++++ LISTED ENTRIES

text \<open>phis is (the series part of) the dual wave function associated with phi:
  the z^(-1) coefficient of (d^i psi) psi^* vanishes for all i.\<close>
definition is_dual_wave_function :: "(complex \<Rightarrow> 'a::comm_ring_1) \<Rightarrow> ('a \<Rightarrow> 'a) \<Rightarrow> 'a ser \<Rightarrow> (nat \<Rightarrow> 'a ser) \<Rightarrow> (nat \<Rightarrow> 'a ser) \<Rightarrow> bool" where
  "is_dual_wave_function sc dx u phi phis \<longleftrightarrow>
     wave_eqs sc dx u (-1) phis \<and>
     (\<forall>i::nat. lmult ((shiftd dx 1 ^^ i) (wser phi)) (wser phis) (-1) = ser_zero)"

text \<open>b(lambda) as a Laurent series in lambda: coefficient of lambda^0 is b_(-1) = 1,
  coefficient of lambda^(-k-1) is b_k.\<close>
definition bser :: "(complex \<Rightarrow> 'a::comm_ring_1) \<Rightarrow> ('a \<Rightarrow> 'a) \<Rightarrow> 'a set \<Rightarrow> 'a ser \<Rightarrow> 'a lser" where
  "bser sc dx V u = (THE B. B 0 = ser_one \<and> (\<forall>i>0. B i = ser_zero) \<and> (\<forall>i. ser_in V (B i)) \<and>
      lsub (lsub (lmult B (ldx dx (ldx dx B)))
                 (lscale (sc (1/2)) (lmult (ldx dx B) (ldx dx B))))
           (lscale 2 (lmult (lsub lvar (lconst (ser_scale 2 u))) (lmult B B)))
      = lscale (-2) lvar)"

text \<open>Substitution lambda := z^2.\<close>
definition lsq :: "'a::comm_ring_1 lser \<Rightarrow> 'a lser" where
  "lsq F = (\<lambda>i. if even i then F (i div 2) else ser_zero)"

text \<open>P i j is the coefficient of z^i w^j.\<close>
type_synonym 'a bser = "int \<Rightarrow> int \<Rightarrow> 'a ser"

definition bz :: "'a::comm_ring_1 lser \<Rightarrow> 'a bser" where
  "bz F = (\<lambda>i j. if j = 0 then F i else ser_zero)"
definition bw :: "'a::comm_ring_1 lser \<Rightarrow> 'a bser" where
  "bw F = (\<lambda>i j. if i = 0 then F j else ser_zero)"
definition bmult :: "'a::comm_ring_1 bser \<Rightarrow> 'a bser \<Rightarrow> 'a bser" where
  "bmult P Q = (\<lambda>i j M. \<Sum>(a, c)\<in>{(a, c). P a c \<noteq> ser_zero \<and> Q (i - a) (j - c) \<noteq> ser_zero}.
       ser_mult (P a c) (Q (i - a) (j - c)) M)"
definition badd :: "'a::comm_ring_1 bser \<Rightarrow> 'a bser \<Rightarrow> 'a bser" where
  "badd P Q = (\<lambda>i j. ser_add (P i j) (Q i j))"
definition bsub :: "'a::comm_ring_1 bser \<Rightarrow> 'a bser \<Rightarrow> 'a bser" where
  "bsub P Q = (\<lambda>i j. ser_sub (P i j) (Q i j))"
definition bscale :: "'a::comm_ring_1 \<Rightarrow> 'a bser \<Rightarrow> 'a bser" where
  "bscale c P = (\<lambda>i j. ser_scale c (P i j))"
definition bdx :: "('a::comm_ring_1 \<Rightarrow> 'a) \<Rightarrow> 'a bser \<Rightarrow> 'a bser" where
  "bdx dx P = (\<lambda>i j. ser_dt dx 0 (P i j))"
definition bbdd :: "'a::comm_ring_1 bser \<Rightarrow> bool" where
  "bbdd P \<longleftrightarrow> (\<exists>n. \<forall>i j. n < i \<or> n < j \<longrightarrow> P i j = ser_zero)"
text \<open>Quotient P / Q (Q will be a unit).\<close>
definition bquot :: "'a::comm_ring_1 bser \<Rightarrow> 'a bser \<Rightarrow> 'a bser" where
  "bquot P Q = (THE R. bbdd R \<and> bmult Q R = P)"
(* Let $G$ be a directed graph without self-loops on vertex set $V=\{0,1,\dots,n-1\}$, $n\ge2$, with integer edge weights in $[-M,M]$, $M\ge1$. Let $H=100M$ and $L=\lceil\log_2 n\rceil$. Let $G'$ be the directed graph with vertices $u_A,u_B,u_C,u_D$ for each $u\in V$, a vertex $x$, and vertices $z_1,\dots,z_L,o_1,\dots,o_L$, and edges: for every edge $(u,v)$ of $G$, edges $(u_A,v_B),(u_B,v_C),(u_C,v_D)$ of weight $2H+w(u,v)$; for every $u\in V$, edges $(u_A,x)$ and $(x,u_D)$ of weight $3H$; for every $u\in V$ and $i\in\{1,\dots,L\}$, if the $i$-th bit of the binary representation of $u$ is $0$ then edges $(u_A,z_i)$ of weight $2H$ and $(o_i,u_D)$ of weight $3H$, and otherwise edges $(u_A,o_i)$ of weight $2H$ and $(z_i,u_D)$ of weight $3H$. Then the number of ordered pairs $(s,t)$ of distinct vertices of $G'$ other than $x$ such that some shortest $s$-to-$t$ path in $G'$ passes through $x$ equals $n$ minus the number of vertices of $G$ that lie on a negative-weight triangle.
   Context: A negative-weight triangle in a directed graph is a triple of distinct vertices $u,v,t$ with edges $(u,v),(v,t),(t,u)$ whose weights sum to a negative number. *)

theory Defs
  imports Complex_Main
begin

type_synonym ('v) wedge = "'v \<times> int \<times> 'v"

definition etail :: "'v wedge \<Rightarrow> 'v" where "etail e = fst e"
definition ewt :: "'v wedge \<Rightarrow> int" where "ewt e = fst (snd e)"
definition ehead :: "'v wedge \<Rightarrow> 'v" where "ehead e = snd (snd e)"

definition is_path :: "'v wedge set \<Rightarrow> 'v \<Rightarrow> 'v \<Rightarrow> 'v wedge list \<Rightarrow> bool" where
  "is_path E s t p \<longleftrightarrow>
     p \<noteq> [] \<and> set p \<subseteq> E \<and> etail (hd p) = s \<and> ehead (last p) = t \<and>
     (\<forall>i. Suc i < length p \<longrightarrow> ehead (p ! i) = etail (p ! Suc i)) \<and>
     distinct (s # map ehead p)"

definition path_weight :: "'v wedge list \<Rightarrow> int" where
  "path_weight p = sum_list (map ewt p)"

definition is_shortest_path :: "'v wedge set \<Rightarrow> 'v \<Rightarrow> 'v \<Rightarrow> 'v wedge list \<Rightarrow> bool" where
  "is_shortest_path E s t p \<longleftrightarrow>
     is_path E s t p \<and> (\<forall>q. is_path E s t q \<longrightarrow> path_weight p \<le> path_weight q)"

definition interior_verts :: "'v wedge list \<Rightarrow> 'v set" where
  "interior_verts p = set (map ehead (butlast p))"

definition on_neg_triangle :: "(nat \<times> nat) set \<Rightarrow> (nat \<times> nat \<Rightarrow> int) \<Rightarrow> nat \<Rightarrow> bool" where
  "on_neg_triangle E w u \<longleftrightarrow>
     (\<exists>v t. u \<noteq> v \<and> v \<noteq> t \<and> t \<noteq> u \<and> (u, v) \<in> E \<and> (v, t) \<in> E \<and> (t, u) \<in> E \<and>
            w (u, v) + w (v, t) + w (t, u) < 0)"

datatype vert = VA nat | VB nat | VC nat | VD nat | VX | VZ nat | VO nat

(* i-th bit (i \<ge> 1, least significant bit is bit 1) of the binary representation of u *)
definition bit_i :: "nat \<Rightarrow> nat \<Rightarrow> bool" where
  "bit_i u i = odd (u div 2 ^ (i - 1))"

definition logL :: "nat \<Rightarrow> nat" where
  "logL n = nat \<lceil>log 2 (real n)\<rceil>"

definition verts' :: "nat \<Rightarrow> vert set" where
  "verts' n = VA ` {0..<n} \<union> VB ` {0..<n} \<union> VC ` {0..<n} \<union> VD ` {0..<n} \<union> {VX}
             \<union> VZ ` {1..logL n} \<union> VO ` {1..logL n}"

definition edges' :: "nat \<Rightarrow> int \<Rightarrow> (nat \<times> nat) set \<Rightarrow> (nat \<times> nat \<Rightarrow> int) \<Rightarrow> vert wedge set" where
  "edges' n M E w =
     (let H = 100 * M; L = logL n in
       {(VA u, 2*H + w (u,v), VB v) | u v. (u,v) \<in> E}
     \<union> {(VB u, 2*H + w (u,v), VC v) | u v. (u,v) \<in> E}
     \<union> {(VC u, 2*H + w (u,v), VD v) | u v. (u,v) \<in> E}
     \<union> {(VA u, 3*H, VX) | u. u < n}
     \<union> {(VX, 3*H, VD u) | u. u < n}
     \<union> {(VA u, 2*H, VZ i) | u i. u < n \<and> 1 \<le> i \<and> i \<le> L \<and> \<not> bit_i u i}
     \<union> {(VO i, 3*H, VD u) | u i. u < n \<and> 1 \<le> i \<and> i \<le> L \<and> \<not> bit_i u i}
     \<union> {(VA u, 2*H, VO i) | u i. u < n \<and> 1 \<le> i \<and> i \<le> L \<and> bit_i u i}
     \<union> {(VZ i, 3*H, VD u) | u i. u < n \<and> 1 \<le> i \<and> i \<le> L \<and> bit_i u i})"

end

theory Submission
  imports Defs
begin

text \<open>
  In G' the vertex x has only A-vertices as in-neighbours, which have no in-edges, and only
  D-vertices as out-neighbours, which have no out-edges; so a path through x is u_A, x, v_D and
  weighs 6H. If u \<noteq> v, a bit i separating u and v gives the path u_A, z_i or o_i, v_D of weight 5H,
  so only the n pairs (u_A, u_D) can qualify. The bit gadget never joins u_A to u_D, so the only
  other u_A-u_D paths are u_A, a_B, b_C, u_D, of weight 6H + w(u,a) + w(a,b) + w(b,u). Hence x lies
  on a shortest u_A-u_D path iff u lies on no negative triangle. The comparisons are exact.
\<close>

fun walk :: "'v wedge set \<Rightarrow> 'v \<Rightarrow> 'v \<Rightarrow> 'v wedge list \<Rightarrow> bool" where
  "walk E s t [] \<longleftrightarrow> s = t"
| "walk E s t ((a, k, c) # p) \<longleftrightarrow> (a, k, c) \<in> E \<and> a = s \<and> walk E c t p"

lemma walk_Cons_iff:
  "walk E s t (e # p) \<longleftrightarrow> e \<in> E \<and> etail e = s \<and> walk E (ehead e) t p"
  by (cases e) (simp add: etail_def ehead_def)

++++++++

REQUIREMENT: Quote the data above verbatim from its first line to the line that includes "(\<forall>i::nat. lmult ((shiftd", with both boundary lines retained.

SOLUTION FOR THIS PROBLEM:
text \<open>phis is (the series part of) the dual wave function associated with phi:
  the z^(-1) coefficient of (d^i psi) psi^* vanishes for all i.\<close>
definition is_dual_wave_function :: "(complex \<Rightarrow> 'a::comm_ring_1) \<Rightarrow> ('a \<Rightarrow> 'a) \<Rightarrow> 'a ser \<Rightarrow> (nat \<Rightarrow> 'a ser) \<Rightarrow> (nat \<Rightarrow> 'a ser) \<Rightarrow> bool" where
  "is_dual_wave_function sc dx u phi phis \<longleftrightarrow>
     wave_eqs sc dx u (-1) phis \<and>
     (\<forall>i::nat. lmult ((shiftd dx 1 ^^ i) (wser phi)) (wser phis) (-1) = ser_zero)"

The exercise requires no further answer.